The OCaml approach works by pattern-matching the argument against each of the “patterns”, potentially binding variables (just as in passing arguments to a function) that can then be used in the consequent of that pattern match. In this case, there happen to be no variables either on the left or the right side.
OCaml does type inference to figure out what the argument type — which is to say, the domain of the function — should be. To simplify things and avoid subtyping relations, normal ML type inference requires that the domain be a known type, not some arbitrary collection of values. Consequently, the first example above produces a warning:
# let suffix = function 1 -> "st" | 2 -> "nd" ;;
Characters 13-43:
let suffix = function 1 -> "st" | 2 -> "nd" ;;
^^^^^^^^^^^^^^^^^^^^^^^^^^^^^^
Warning 8: this pattern-matching is not exhaustive.
Here is an example of a value that is not matched:
0
val suffix : int -> string = <fun>
However, OCaml’s type inference algorithm has been extended in ways that do require subtyping, including “polymorphic variants” and objects with methods. Here’s an example with polymorphic variants:
# let rec int_of_peano = function `Z -> 0 | `S(x) -> 1 + int_of_peano x ;;
val int_of_peano : ([< `S of 'a | `Z ] as 'a) -> int = <fun>
# let rec peano_of_int = function 0 -> `Z | n -> `S (peano_of_int (n-1)) ;;
val peano_of_int : int -> ([> `S of 'a | `Z ] as 'a) = <fun>
# peano_of_int 11;;
- : [> `S of 'a | `Z ] as 'a =
`S (`S (`S (`S (`S (`S (`S (`S (`S (`S (`S `Z))))))))))

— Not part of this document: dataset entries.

lemma det_add_rank_at_most_eq_0:
  assumes M: "M \<in> carrier_mat n n" and frame: "null_frame M K W L"
    and C: "rank_at_most n q C" and "q < K"
  shows "det (M + C) = 0"
proof -
  obtain G H where G: "G \<in> carrier_mat n q" and H: "H \<in> carrier_mat q n" and C: "C = G * H"
    using C by (auto simp: rank_at_most_def)
  have W: "W \<in> carrier_mat n K" and L: "L \<in> carrier_mat K n"
    and MW: "M * W = 0\<^sub>m n K" and LW: "L * W = 1\<^sub>m K"
    using frame M by (auto simp: null_frame_def)
  obtain c where c: "c \<in> carrier_vec K" "c \<noteq> 0\<^sub>v K" "(H * W) *\<^sub>v c = 0\<^sub>v q"
    using wide_mat_kernel_nontrivial[of "H * W" q K] H W \<open>q < K\<close> by auto
  define v where "v = W *\<^sub>v c"
  have v: "v \<in> carrier_vec n" using W c by (simp add: v_def)
  have "L *\<^sub>v v = c" using L W c LW by (simp add: v_def flip: assoc_mult_mat_vec)
  then have "v \<noteq> 0\<^sub>v n" using c(2) L by auto
  moreover have "(M + C) *\<^sub>v v = 0\<^sub>v n"
  proof -
    have "M *\<^sub>v v = 0\<^sub>v n" using M W c MW by (simp add: v_def zero_mat_mult_vec flip: assoc_mult_mat_vec)
    moreover have "C *\<^sub>v v = G *\<^sub>v ((H * W) *\<^sub>v c)" using G H W c by (simp add: C v_def)
    ultimately show ?thesis using M G H v c(3) by (auto simp: C add_mult_distrib_mat_vec)
  qed
  ultimately show ?thesis using det_0_iff_vec_prod_zero[of "M + C" n] M G H v C by auto
qed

# int_of_peano (`S (`S (`S (`Z)))) ;;
- : int = 3
# int_of_peano (peano_of_int 11) ;;
- : int = 11
Note that the return type of peano_of_int is not quite the same as
the argument type of int_of_peano:
([> `S of 'a | `Z ] as 'a)
([< `S of 'a | `Z ] as 'a)
That’s because the argument type is an upper bound, while the return
type is a lower bound. It’s valid to pass a value of a subtype, for
example only `Z, as an argument; the types don’t have to match
exactly. Similarly, it’s valid to pass the return type into a context
that could handle some wider array of possibilities, perhaps ([`S of
`a | `D of `a | `Z] as a) if we want to support efficient binary
representation through both successors and doublings. But the
converse operations are not valid — we cannot pass `D (`Z) to
int_of_peano, because it will crash, and we cannot use
peano_of_int in a context that can only handle `Z.
Of course, it’s not just a matter of the polymorphic variant tag matching; the type of its argument has to unify, too:
# int_of_peano(`Z (`D (`Z)));;
Characters 12-26:
int_of_peano(`Z (`D (`Z)));;
^^^^^^^^^^^^^^
Error: This expression has type [> `Z of [> `D of [> `Z ] ] ]
but an expression was expected of type [< `S of 'a | `Z ] as 'a
Types for tag `Z are incompatible
In OCaml, the | and -> tokens are not infix operators; you cannot
make expressions with them alone. They are part of the function and
match productions in the grammar. But what if they were infix
operators? What if we want the following expression to parse as
infix, work by pattern-matching, and evaluate the function outlined
above?
1 -> "st"
| 2 -> "nd"
| _ -> "th"
Or, using operator tokens that make it look like JS or Python data:
1: "st", 2: "nd", _: "th"
The first is fairly straightforward: x -> y is, more or less, JS’s
x => y, a λ-abstraction. It’s a function that takes x as an
argument and returns y, evaluated on a context augmented with
whatever names are bound in x. But we kind of want it to be able to
fail, either at compile-time or at run-time, so that we can union 1
-> "st" with 2 -> "nd" and get 1 -> "st" | 2 -> "nd". And, for
this kind of case, we really want the failure semantics to be
ordered — we don’t want to return "th" for everything, just
everything not otherwise covered.
Leaving aside the very interesting type inference question for now, let’s consider what this gives us. We have a single symbol here for defining pattern-matching lambda-expressions that can fail, and a second one that extends it to pattern-matching ordered conditionals, which also work as dict literals. This (plus some syntax for applying a function to an argument) is already more than enough for Church numerals, and so we’re already past the Turing-completeness line; but can we make it more convenient?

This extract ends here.